From My Window, I See Things Slowly Turning Green
A riddle: What do algae destined for power generation and a forest managed dually for habitat and for world class coffee have in common?
If you’re thinking both are green, literally and figuratively, you’re close to target. If you’re seeing evidence of transformation leading us in the direction we need to go, you’re closer still.
Generally a patient sort, I’d act rashly if I had a magic wand. I’d wave into place a saner, redesigned top-to-bottom global economic system. Right now. I suspect many who engage with the Tonic community feel similarly impatient, knowing that we can do much better for ourselves and for the natural systems that sustain us. In the meantime, we make the best choices we can as individuals, and find it to be important and uplifting to recognize, applaud, and support progress as it appears.
In Tanzania, land management practices achieve the twinned yield of highly prized coffee beans and expanded habitat for chimpanzees. The compelling conservation story allows local farmers to enjoy a premium price, greatly beneficial to the welfare of the local population.
Venice, Italy, moves forward with plans to turn the algae that famously blooms in and clogs its canals (along with additional, lab-cultivated algae) into biofuel.
These are projects that differ in location and in focus to the point of perhaps seeming wholly unrelated.

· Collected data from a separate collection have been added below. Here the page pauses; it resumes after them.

lemma tcompat_biclique_TD_dominated:
  assumes "V \<noteq> {}" "V \<subseteq> TD ` {1..k}" "biclique (tcompat k) U V"
  shows "\<exists>j\<in>{1..k}. U \<subseteq> rset k (RY j) \<and> V \<subseteq> rset k (RZ j)"
proof -
  obtain j where j: "TD j \<in> V" "\<And>i. TD i \<in> V \<Longrightarrow> j \<le> i"
    using assms(1,2) exists_least_iff[of "\<lambda>j. TD j \<in> V"] by (metis ex_in_conv imageE leI subsetD)
  then have "j \<in> {1..k}" using assms(2) by auto
  moreover have "V \<subseteq> rset k (RZ j)" using assms(2) j(2) by fastforce
  moreover have "U \<subseteq> rset k (RY j)"
  proof
    fix u assume "u \<in> U"
    then have "tcompat k u (TD j)" using assms(3) j(1) by (auto simp: biclique_def)
    then show "u \<in> rset k (RY j)" using tcompat_TD_iff \<open>j \<in> {1..k}\<close> by simp
  qed
  ultimately show ?thesis by blast
qed

lemma tcompat_biclique_dominated:
  assumes ne: "X \<noteq> {}" "Y \<noteq> {}" and sub: "X \<subseteq> labels (target k)" "Y \<subseteq> labels (target k)"
    and bic: "biclique (tcompat k) X Y"
  shows "\<exists>(A, B)\<in>(\<lambda>(a, b). (rset k a, rset k b)) ` redges k. X \<subseteq> A \<and> Y \<subseteq> B \<or> X \<subseteq> B \<and> Y \<subseteq> A"
proof -
  have bic': "biclique (tcompat k) Y X" using bic unfolding biclique_def by (metis tcompat_sym)
  consider "Y \<subseteq> TD ` {1..k}" | "X \<subseteq> TD ` {1..k}"
    | x y where "x \<in> X" "y \<in> Y" "x \<notin> TD ` {1..k}" "y \<notin> TD ` {1..k}"
    by blast
  then show ?thesis
  proof cases
    case 1
    then show ?thesis
      using tcompat_biclique_TD_dominated[OF ne(2) 1 bic] by (force simp: redges_def)
  next
    case 2
    then show ?thesis
      using tcompat_biclique_TD_dominated[OF ne(1) 2 bic'] by (force simp: redges_def)
  next
    case 3
    then have "tcompat k x y" "x \<in> labels (target k)" "y \<in> labels (target k)"
      using bic sub by (auto simp: biclique_def)
    with 3 have "x = TB \<and> y = TC \<or> x = TC \<and> y = TB"
      unfolding labels_target by (cases x; cases y) auto
    then show ?thesis
    proof
      assume "x = TB \<and> y = TC"
      then have "X \<subseteq> rset k RB" "Y \<subseteq> rset k RC"
        using 3 bic
        unfolding biclique_def subset_iff tcompat_TB_iff[symmetric] tcompat_TC_iff[symmetric]
        by blast+
      then show ?thesis by (auto simp: redges_def)
    next
      assume "x = TC \<and> y = TB"
      then have "Y \<subseteq> rset k RB" "X \<subseteq> rset k RC"
        using 3 bic'
        unfolding biclique_def subset_iff tcompat_TB_iff[symmetric] tcompat_TC_iff[symmetric]
        by blast+
      then show ?thesis by (auto simp: redges_def)
    qed
  qed
qed

lemma labels_rproblem: "labels (rproblem k) = rlabels k"
  and nodeC_rproblem: "nodeC (rproblem k) = {{#a, b, c#} | a b c. a \<in> rlabels k \<and> b \<in> rlabels k
     \<and> c \<in> rlabels k \<and> (rcompat a b \<or> rcompat a c \<or> rcompat b c)}"
  and edgeC_rproblem: "edgeC (rproblem k) = (\<lambda>(a, b). {#a, b#}) ` redges k"
  by (simp_all add: rproblem_def labels_def nodeC_def edgeC_def)

lemma redges_subset: "(a, b) \<in> redges k \<Longrightarrow> a \<in> rlabels k \<and> b \<in> rlabels k"
  by (auto simp: redges_def rlabels_def)

lemma redge_biclique: "(a, b) \<in> redges k \<Longrightarrow> biclique (tcompat k) (rset k a) (rset k b)"
  by (auto simp: redges_def biclique_def)

lemma redge_closed_fst: "(a, b) \<in> redges k \<Longrightarrow> biclique (tcompat k) {x} (rset k b) \<Longrightarrow> x \<in> rset k a"
  by (auto simp: redges_def biclique_def tcompat_TC_iff tcompat_TD_iff)

lemma redge_closed_snd:
  assumes "(a, b) \<in> redges k" "biclique (tcompat k) (rset k a) {y}"
  shows "y \<in> rset k b"
  using assms(1)
proof (cases rule: insertE[OF assms(1)[unfolded redges_def]])
  case 1
  then show ?thesis using assms(2) by (auto simp: biclique_def tcompat_TB_iff)
next
  case 2
  then obtain j where j: "a = RY j" "b = RZ j" "j \<in> {1..k}" by auto
  have "tcompat k TB y" "tcompat k TC y" using assms(2) j by (auto simp: biclique_def)
  then obtain i where i: "y = TD i" "i \<in> {1..k}" by (cases y) auto
  have "\<not> i < j"
  proof
    assume "i < j"
    then have "TA i \<in> rset k a" using i j by auto
    then show False using assms(2) i by (auto simp: biclique_def)
  qed
  then show ?thesis using i j by auto
qed

lemma edgeC_RE_target: "edgeC (RE (target k)) = image_mset (rset k) ` edgeC (rproblem k)"
proof -
  have "maximal_configs 2 (labels (target k)) (edgeC (target k))
      = (\<lambda>(A, B). {#A, B#}) ` (\<lambda>(a, b). (rset k a, rset k b)) ` redges k"
  proof (rule maximal_configs_2_eqI[where R = "tcompat k"])
    show "{#x, y#} \<in> edgeC (target k) \<longleftrightarrow> tcompat k x y" for x y
      by (rule edge_target_iff)
  next
    fix A B assume "(A, B) \<in> (\<lambda>(a, b). (rset k a, rset k b)) ` redges k"
    then obtain a b where "(a, b) \<in> redges k" "A = rset k a" "B = rset k b" by auto
    then show "A \<noteq> {} \<and> B \<noteq> {} \<and> A \<subseteq> labels (target k) \<and> B \<subseteq> labels (target k)
        \<and> biclique (tcompat k) A B"
      using redges_subset rset_nonempty rset_subset_labels_target redge_biclique by blast
  next
    fix X Y assume "X \<noteq> {}" "Y \<noteq> {}" "X \<subseteq> labels (target k)" "Y \<subseteq> labels (target k)"
      "biclique (tcompat k) X Y"
    then show "\<exists>(A, B)\<in>(\<lambda>(a, b). (rset k a, rset k b)) ` redges k. X \<subseteq> A \<and> Y \<subseteq> B \<or> X \<subseteq> B \<and> Y \<subseteq> A"
      by (rule tcompat_biclique_dominated)
  qed (auto simp: redge_closed_fst redge_closed_snd)
  then show ?thesis
    by (simp add: edgeC_RE edgeC_rproblem image_image split_beta)
qed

I’d suggest that what we see here is akin to standing with your nose to a Seurat painting: You see a few dots of different color that don’t seem to connect or reveal anything of sense, until you take a few steps back, and something of real meaning and beauty arises. (Advisory note: I do not recommend trying this exercise with an actual museum collection pointillist painting. You’ll be escorted out without the chance to delight in that $12 museum cafeteria grilled cheese for which you were hankering.)
What we do, how we do it, and the very ways in which we choose to be and to move within the world are all ripe for dramatic change. I refer you to a recent cover story in Time magazine. Kurt Andersen therein describes the American era of excess as over, and presents a case for why this is a very, very good thing. It’s a compelling, oddly uplifting argument.
It will, though, still be OK to want and to acquire things that we may not absolutely need. It will be OK to plug in and to crank up the volume. Best that the goods and services we purchase come our way by having left a minimized footprint. While we make our collective way, however (im)patiently, to a fully transformed state of affairs, we can choose our coffee and our gadgets and our clothing and such consciously. Markets respond as more of us do so. It’s happening.
Looking out my window as April begins, I see that things are turning green. The change is of course imperceptible in real time, but I know that when I look again after a few days, they’ll be greener still.